Julian Assange, the infamous head of WikiLeaks, has one more headache to deal with as he hides out in the Ecuadorian Embassy in London, the only place he can find asylum from governments who wish to prosecute him. Soon, a WikiLeaks movie will be in the works. The movie, titled The Fifth Estate and directed by Bill Condon, is described by Assange as a "massive propaganda attack on WikiLeaks and the character of my staff."
Maybe so, but should Assange expect anything else? After all, he is the one behind the most notorious classified documents leak in history. In June of 2010, Wikileaks released 91,000 documents about the war in Afghanistan, and then in July of the same year, 400,000 classified U.S. military documents were released chronicling the Iraq War.
This was the single biggest leak of classified information in U.S. military history, and it proved to be a major embarrassment for the U.S. government. Assange crossed a line when he did this, one that would prove to be his undoing.

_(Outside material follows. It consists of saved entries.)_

(* Let $q$ be a prime power, $n$ a positive integer with $\gcd(q,n)=1$, $s\in\mathbb{Z}_n^*$, $t\in\mathbb{Z}_n$ with $qt\equiv t\pmod n$, $s^{-1}$ a positive integer with $ss^{-1}\equiv1\pmod n$, and $P\subseteq\mathbb{Z}_n$ a $\mu_q$-invariant subset. Then $$f_{\rho_{s,t}(P)}(X)=\gcd\big(f_P(\theta^{-t}X^{s^{-1}}),\,X^n-1\big)=\gcd\big(\varphi_{s,t}(f_P(X)),\,X^n-1\big),$$ where $\gcd$ denotes the monic greatest common divisor in $\mathbb{F}_q[X]$.
   Context: Fix a primitive $n$-th root of unity $\theta$ in an extension of $\mathbb{F}_q$. $\mu_q:\mathbb{Z}_n\to\mathbb{Z}_n$, $i\mapsto qi\bmod n$; $P$ is $\mu_q$-invariant if $\mu_q(P)=P$. For such $P$, $f_P(X)=\prod_{i\in P}(X-\theta^i)\in\mathbb{F}_q[X]$. $\rho_{s,t}:\mathbb{Z}_n\to\mathbb{Z}_n$, $i\mapsto s(i+t)\bmod n$. $\varphi_{s,t}(a(X))$ is the unique polynomial of degree $<n$ congruent to $a(\theta^{-t}X^{s^{-1}})$ modulo $X^n-1$ (note $\theta^{-t}\in\mathbb{F}_q$). *)

theory Defs
  imports "HOL-Computational_Algebra.Polynomial" "HOL-Computational_Algebra.Polynomial_Factorial"
    "HOL-Number_Theory.Cong"
begin

text \<open>The base field F_q is a finite field type 'k (q = CARD('k)); the extension field
  containing theta is a field type 'e, related to 'k by a ring embedding emb.  A polynomial over 'e with all coefficients
  in the image of emb is pulled back to 'k poly.\<close>

definition pullback_poly :: "('k::field \<Rightarrow> 'e::field) \<Rightarrow> 'e poly \<Rightarrow> 'k poly" where
  "pullback_poly emb p = (THE g. map_poly emb g = p)"

definition pullback_elem :: "('k::field \<Rightarrow> 'e::field) \<Rightarrow> 'e \<Rightarrow> 'k" where
  "pullback_elem emb x = (THE c. emb c = x)"

definition mu :: "nat \<Rightarrow> nat \<Rightarrow> nat \<Rightarrow> nat" where
  "mu q n i = (q * i) mod n"

definition mu_invariant :: "nat \<Rightarrow> nat \<Rightarrow> nat set \<Rightarrow> bool" where
  "mu_invariant q n P \<longleftrightarrow> P \<subseteq> {..<n} \<and> mu q n ` P = P"

definition rho :: "nat \<Rightarrow> nat \<Rightarrow> nat \<Rightarrow> nat \<Rightarrow> nat" where
  "rho n s t i = (s * (i + t)) mod n"

definition fP :: "('k::field \<Rightarrow> 'e::field) \<Rightarrow> 'e \<Rightarrow> nat set \<Rightarrow> 'k poly" where
  "fP emb \<theta> P = pullback_poly emb (\<Prod>i\<in>P. [:- (\<theta> ^ i), 1:])"

definition subst_poly :: "('k::field \<Rightarrow> 'e::field) \<Rightarrow> 'e \<Rightarrow> nat \<Rightarrow> nat \<Rightarrow> 'k poly \<Rightarrow> 'k poly" where
  "subst_poly emb \<theta> t sinv a = pcompose a (monom (pullback_elem emb (inverse \<theta> ^ t)) sinv)"

text \<open>varphi_{s,t}(a): the unique polynomial of degree < n congruent to
  a(theta^{-t} X^{s^{-1}}) modulo X^n - 1, i.e. the remainder.\<close>
definition varphi :: "('k::field \<Rightarrow> 'e::field) \<Rightarrow> 'e \<Rightarrow> nat \<Rightarrow> nat \<Rightarrow> nat \<Rightarrow> 'k poly \<Rightarrow> 'k poly" where
  "varphi emb \<theta> n t sinv a = subst_poly emb \<theta> t sinv a mod (monom 1 n - 1)"

end

theory Submission
  imports Defs "Berlekamp_Zassenhaus.Finite_Field"
begin

text \<open>Over the extension, \<open>f_P\<close> is the product of the linear factors \<open>X - \<theta>^i\<close>, \<open>i \<in> P\<close>;
  \<open>\<mu>_q\<close>-invariance of \<open>P\<close> is exactly what makes this product fixed by the Frobenius \<open>c \<mapsto> c^q\<close>,
  i.e. defined over \<open>F_q\<close>. Since \<open>X^n - 1\<close> splits into the distinct factors \<open>X - \<theta>^j\<close>, \<open>j < n\<close>,
  a monic divisor of it is the product of the factors at its roots, and the roots \<open>\<theta>^j\<close> of
  \<open>gcd (f_P(\<theta>^-t X^(s^-1)), X^n - 1)\<close> are those of \<open>f_P(\<theta>^-t X^(s^-1))\<close>, i.e. those with
  \<open>\<theta>^(j s^-1) = \<theta>^(i + t)\<close> for some \<open>i \<in> P\<close>, which means \<open>j = s (i + t) mod n\<close>, \<open>j \<in> \<rho>_{s,t}(P)\<close>.
  Reducing modulo \<open>X^n - 1\<close> does not change the gcd.\<close>

text \<open>The import brings HOL-Algebra's constants of the same names into scope.\<close>

hide_const (open) up_ring.coeff up_ring.monom module.smult

section \<open>Finite fields\<close>

text \<open>The library's \<open>finite_field_power_card_eq_same\<close> needs the sort \<open>finite_field\<close>,
  which a type variable of sort \<open>{field, finite}\<close> cannot be given.\<close>

lemma finite_field_power_card_eq:
  fixes x :: "'k::{field,finite}"
  shows "x ^ CARD('k) = x"
proof (cases "x = 0")
  case False
  have "(\<Prod>y\<in>UNIV-{0}. x * y) = (\<Prod>y\<in>UNIV-{0}. y)"
    by (rule prod.reindex_bij_witness[of _ "\<lambda>y. y / x" "\<lambda>y. x * y"]) (use False in auto)
  then have "x ^ (CARD('k) - 1) * \<Prod>(UNIV-{0}) = 1 * \<Prod>(UNIV-{0})"
    by (simp add: prod.distrib card_Diff_subset)
  then have "x ^ (CARD('k) - 1) = 1"
    by (subst (asm) mult_right_cancel) auto
  then have "x * x ^ (CARD('k) - 1) = x" by simp
  then show ?thesis
    by (simp flip: power_Suc add: finite_UNIV_card_ge_0 Suc_pred)
qed (simp add: finite_UNIV_card_ge_0)

text \<open>The polynomial \<open>(X + 1)^q - X^q - 1\<close> has degree below \<open>q\<close> but vanishes at all \<open>q\<close> points.\<close>

lemma finite_field_card_choose_eq_0:
  assumes "0 < j" "j < CARD('k::{field,finite})"
  shows "of_nat (CARD('k) choose j) = (0::'k)"
proof -
  define q where "q = CARD('k)"
  define p :: "'k poly" where "p = [:1, 1:] ^ q - monom 1 q - 1"
  have "0 < q"
    by (simp add: q_def finite_UNIV_card_ge_0)
  have coeff_p: "coeff p i = (if 0 < i \<and> i < q then of_nat (q choose i) else 0)" for i
    by (cases "i \<le> q")
       (auto simp: p_def coeff_linear_poly_power coeff_monom coeff_1 coeff_eq_0 degree_linear_power \<open>0 < q\<close>)
  have "degree p < q"
  proof -
    have "degree p \<le> q - 1"
      by (rule degree_le) (auto simp: coeff_p)
    then show ?thesis
      using \<open>0 < q\<close> by simp
  qed
  moreover have "poly p x = 0" for x
    using finite_field_power_card_eq[of x] finite_field_power_card_eq[of "1 + x"]
    by (simp add: p_def poly_monom q_def)
  ultimately have "p = 0"
    using card_poly_roots_bound[of p] by (fastforce simp: q_def)
  then show ?thesis
    using coeff_p[of j] assms by (simp add: q_def)
qed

Free speech is the most important ideal Americans hold to. It is something to be treasured and dearly protected. But Julian Assange breached all levels of national security. It is only natural that a film production company like DreamWorks would want to make a movie about his life and the dealings of WikiLeaks.
Not only does a WikiLeaks movie promise a firsthand account of classified document leakings, but also an array of other scandals that have befallen Assange. In November 2010, Assange was detained in Sweden as a result of allegations of rape and sexual molestation. And then weeks later, thousands of U.S. diplomatic cables were released. And this is only a fraction of the story.

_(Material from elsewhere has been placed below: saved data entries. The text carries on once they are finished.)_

(* $\widetilde{\mathbb{R}}$ and $\widetilde{\mathbb{R}}_{sm}$ are reduced normal $f$-rings.
   Context: Let $I=(0,1]$. $\widetilde{\mathbb{R}}=\mathcal{E}_M/\mathcal{N}$ with $\mathcal{E}_M=\{(r_\varepsilon)\in\mathbb{R}^I:\exists N: |r_\varepsilon|=O(\varepsilon^{-N})\}$, $\mathcal{N}=\{(r_\varepsilon)\in\mathbb{R}^I:\forall m: |r_\varepsilon|=O(\varepsilon^m)\}$; $\widetilde{\mathbb{R}}_{sm}$ (resp. $\widetilde{\mathbb{R}}_{co}$) is defined in the same way using only nets with $\varepsilon\mapsto r_\varepsilon$ smooth (resp. continuous), and the natural map $\tau_{sm}:\widetilde{\mathbb{R}}_{sm}\to\widetilde{\mathbb{R}}_{co}$ is a ring isomorphism. Order: $r\le s$ iff there are representatives with $r_\varepsilon\le s_\varepsilon$ for all $\varepsilon$; lattice operations are given by componentwise $\max$, $\min$ of representatives (in $\widetilde{\mathbb{R}}_{sm}$ transported via $\tau_{sm}^{-1}$ from $\widetilde{\mathbb{R}}_{co}$). A ring is reduced if it has no nonzero nilpotents. An $f$-ring is a commutative ring with 1 which is a lattice-ordered ring such that $(r\wedge s)t=rt\wedge st$ whenever $t\ge0$. A reduced commutative $f$-ring $R$ with 1 is normal if for all $r,s\in R$ with $rs=0$ one has $R=\mathrm{Ann}(r)+\mathrm{Ann}(s)$, where $\mathrm{Ann}(r)=\{t\in R: rt=0\}$. *)

theory Defs
  imports "HOL-Analysis.Analysis" "HOL-Library.Landau_Symbols" "HOL-Algebra.Ring"
begin

text \<open>Nets are modelled as functions real => real; only their values on I = (0,1]
  matter (for the quotient only the behaviour as eps -> 0+ matters).\<close>

definition I :: "real set" where "I = {0<..1}"

definition moderate :: "(real \<Rightarrow> real) \<Rightarrow> bool" where
  "moderate r \<longleftrightarrow> (\<exists>N::nat. r \<in> O[at_right 0](\<lambda>\<epsilon>. inverse (\<epsilon> ^ N)))"

definition negligible :: "(real \<Rightarrow> real) \<Rightarrow> bool" where
  "negligible r \<longleftrightarrow> (\<forall>m::nat. r \<in> O[at_right 0](\<lambda>\<epsilon>. \<epsilon> ^ m))"

definition smooth_net :: "(real \<Rightarrow> real) \<Rightarrow> bool" where
  "smooth_net r \<longleftrightarrow> (\<exists>D :: nat \<Rightarrow> real \<Rightarrow> real. D 0 = r \<and>
      (\<forall>k. \<forall>x\<in>I. (D k has_real_derivative D (Suc k) x) (at x within I)))"

definition cont_net :: "(real \<Rightarrow> real) \<Rightarrow> bool" where
  "cont_net r \<longleftrightarrow> continuous_on I r"

definition all_net :: "(real \<Rightarrow> real) \<Rightarrow> bool" where
  "all_net r \<longleftrightarrow> True"

definition EM :: "((real \<Rightarrow> real) \<Rightarrow> bool) \<Rightarrow> (real \<Rightarrow> real) set" where
  "EM P = {r. P r \<and> moderate r}"

definition nrel :: "((real \<Rightarrow> real) \<Rightarrow> bool) \<Rightarrow> ((real \<Rightarrow> real) \<times> (real \<Rightarrow> real)) set" where
  "nrel P = {(r, s). r \<in> EM P \<and> s \<in> EM P \<and> negligible (\<lambda>\<epsilon>. r \<epsilon> - s \<epsilon>)}"

definition cls :: "((real \<Rightarrow> real) \<Rightarrow> bool) \<Rightarrow> (real \<Rightarrow> real) \<Rightarrow> (real \<Rightarrow> real) set" where
  "cls P r = nrel P `` {r}"

definition rep :: "(real \<Rightarrow> real) set \<Rightarrow> (real \<Rightarrow> real)" where
  "rep A = (SOME r. r \<in> A)"

definition gen_ring :: "((real \<Rightarrow> real) \<Rightarrow> bool) \<Rightarrow> (real \<Rightarrow> real) set ring" where
  "gen_ring P = \<lparr> carrier = EM P // nrel P,
      monoid.mult = (\<lambda>A B. cls P (\<lambda>\<epsilon>. rep A \<epsilon> * rep B \<epsilon>)),
      one = cls P (\<lambda>_. 1),
      zero = cls P (\<lambda>_. 0),
      add = (\<lambda>A B. cls P (\<lambda>\<epsilon>. rep A \<epsilon> + rep B \<epsilon>)) \<rparr>"

definition gen_le :: "((real \<Rightarrow> real) \<Rightarrow> bool) \<Rightarrow> (real \<Rightarrow> real) set \<Rightarrow> (real \<Rightarrow> real) set \<Rightarrow> bool" where
  "gen_le P A B \<longleftrightarrow> (\<exists>r\<in>A. \<exists>s\<in>B. \<forall>\<epsilon>\<in>I. r \<epsilon> \<le> s \<epsilon>)"

definition gen_meet :: "((real \<Rightarrow> real) \<Rightarrow> bool) \<Rightarrow> (real \<Rightarrow> real) set \<Rightarrow> (real \<Rightarrow> real) set \<Rightarrow> (real \<Rightarrow> real) set" where
  "gen_meet P A B = cls P (\<lambda>\<epsilon>. min (rep A \<epsilon>) (rep B \<epsilon>))"

definition gen_join :: "((real \<Rightarrow> real) \<Rightarrow> bool) \<Rightarrow> (real \<Rightarrow> real) set \<Rightarrow> (real \<Rightarrow> real) set \<Rightarrow> (real \<Rightarrow> real) set" where
  "gen_join P A B = cls P (\<lambda>\<epsilon>. max (rep A \<epsilon>) (rep B \<epsilon>))"

definition Rt :: "(real \<Rightarrow> real) set ring" where "Rt = gen_ring all_net"
definition Rco :: "(real \<Rightarrow> real) set ring" where "Rco = gen_ring cont_net"
definition Rsm :: "(real \<Rightarrow> real) set ring" where "Rsm = gen_ring smooth_net"

definition le_t where "le_t = gen_le all_net"
definition meet_t where "meet_t = gen_meet all_net"
definition join_t where "join_t = gen_join all_net"

definition le_sm where "le_sm = gen_le smooth_net"

definition tau_sm :: "(real \<Rightarrow> real) set \<Rightarrow> (real \<Rightarrow> real) set" where
  "tau_sm A = cls cont_net (rep A)"

definition meet_sm where
  "meet_sm A B = the_inv_into (carrier Rsm) tau_sm (gen_meet cont_net (tau_sm A) (tau_sm B))"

But Assange wants people to believe that the upcoming WikiLeaks movie will be a bunch of half truths, strung together to make a movie. This is hardly the case, because what WikiLeaks treaded into is nothing short of espionage. In 2010, former U.N. Ambassador John Bolton told Breitbart.com that "the threat that WikiLeaks poses to national security is without precedent and should be dealt with accordingly." And any movie made on the subject would have to delve into every avenue of the WikiLeaks scandal.
Assange himself has received an advance copy of the script. He told his internet audience that the film begins with Iranian officials working on building a nuclear bomb, and this will only be used to "fan the flames of war." He also said that his website had nothing to do with this. At this point, this is irrelevant, because with the thousands of other classified documents released, how would he know?
The film's director, Bill Condon, said, "It may be decades before we understand the full impact of WikiLeaks and how it's revolutionized the spread of information." No truer statement could be said about WikiLeaks and Julian Assange. And there is no question that a movie based on this subject will be the talk of the film community.